_Exercise_
The answer must consist only of the lines from the line with "(\<forall>l\<in>paths G. rng G (rng" to the line with "cmp G l m \<in>", both included, exactly as they stand below.

_Data to examine_

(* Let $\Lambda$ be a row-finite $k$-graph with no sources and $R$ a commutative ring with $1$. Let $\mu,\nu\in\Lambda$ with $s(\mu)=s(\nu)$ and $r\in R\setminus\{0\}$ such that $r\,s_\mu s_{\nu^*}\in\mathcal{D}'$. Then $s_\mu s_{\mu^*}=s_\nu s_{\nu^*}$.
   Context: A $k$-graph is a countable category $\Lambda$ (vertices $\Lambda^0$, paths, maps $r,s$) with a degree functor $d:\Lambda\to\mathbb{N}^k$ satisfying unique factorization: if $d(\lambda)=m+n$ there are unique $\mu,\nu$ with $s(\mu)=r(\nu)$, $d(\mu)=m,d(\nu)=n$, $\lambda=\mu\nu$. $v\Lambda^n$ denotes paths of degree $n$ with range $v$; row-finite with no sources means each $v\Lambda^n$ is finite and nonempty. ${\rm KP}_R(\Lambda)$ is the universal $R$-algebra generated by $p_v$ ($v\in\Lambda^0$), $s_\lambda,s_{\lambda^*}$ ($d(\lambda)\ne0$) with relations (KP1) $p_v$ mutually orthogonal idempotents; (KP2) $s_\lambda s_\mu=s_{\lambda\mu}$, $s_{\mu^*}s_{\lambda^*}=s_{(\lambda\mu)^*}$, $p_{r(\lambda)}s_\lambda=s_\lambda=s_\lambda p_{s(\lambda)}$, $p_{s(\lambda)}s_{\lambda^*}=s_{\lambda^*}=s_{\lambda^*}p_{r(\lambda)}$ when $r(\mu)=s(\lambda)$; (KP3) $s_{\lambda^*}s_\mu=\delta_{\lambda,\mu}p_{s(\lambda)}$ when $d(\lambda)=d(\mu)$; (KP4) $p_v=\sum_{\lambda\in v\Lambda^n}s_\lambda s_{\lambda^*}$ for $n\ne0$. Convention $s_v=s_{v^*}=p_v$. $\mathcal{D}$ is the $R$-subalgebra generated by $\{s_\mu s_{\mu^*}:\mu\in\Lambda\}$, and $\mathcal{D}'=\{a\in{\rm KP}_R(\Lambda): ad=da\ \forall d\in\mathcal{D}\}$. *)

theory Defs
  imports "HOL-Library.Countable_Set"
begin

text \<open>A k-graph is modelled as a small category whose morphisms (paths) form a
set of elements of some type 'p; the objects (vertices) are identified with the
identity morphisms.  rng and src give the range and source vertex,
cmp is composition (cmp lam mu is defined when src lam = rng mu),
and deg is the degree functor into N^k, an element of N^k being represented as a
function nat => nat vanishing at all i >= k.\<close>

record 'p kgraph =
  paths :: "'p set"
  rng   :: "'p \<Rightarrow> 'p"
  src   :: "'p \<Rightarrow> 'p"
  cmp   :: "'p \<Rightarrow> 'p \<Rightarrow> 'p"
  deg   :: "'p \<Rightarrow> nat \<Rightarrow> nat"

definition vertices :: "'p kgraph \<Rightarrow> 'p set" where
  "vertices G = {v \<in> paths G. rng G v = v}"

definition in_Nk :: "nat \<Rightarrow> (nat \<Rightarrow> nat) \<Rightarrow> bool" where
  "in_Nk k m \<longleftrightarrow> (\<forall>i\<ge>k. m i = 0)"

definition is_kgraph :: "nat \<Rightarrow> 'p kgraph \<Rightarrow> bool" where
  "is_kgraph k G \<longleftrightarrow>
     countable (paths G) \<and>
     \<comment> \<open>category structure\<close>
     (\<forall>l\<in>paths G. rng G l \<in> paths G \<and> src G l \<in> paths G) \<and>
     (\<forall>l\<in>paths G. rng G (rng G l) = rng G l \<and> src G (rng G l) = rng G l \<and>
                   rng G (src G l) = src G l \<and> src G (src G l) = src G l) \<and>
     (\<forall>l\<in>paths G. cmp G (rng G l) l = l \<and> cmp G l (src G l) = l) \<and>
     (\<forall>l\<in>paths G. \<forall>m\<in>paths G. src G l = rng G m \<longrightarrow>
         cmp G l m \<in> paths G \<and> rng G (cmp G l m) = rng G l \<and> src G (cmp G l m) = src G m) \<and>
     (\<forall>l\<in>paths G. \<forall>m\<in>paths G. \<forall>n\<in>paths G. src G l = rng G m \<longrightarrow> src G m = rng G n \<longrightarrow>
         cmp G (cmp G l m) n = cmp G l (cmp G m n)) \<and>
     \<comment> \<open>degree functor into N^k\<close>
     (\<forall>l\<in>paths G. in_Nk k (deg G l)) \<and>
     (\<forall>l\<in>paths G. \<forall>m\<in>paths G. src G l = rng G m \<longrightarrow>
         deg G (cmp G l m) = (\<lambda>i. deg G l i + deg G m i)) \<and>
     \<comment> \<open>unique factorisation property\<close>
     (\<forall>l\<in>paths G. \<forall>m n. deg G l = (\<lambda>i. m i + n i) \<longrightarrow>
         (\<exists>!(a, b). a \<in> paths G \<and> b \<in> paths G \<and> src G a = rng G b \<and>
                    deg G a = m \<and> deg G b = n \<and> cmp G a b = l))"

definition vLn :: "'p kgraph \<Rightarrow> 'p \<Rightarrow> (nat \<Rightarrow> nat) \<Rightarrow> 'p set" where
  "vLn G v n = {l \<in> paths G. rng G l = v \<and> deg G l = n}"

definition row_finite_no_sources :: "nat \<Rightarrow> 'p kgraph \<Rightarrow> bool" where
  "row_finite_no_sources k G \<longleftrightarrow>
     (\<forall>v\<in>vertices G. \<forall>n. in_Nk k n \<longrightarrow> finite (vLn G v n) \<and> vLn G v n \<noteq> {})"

_Finished task_
     (\<forall>l\<in>paths G. rng G (rng G l) = rng G l \<and> src G (rng G l) = rng G l \<and>
                   rng G (src G l) = src G l \<and> src G (src G l) = src G l) \<and>
     (\<forall>l\<in>paths G. cmp G (rng G l) l = l \<and> cmp G l (src G l) = l) \<and>
     (\<forall>l\<in>paths G. \<forall>m\<in>paths G. src G l = rng G m \<longrightarrow>
         cmp G l m \<in> paths G \<and> rng G (cmp G l m) = rng G l \<and> src G (cmp G l m) = src G m) \<and>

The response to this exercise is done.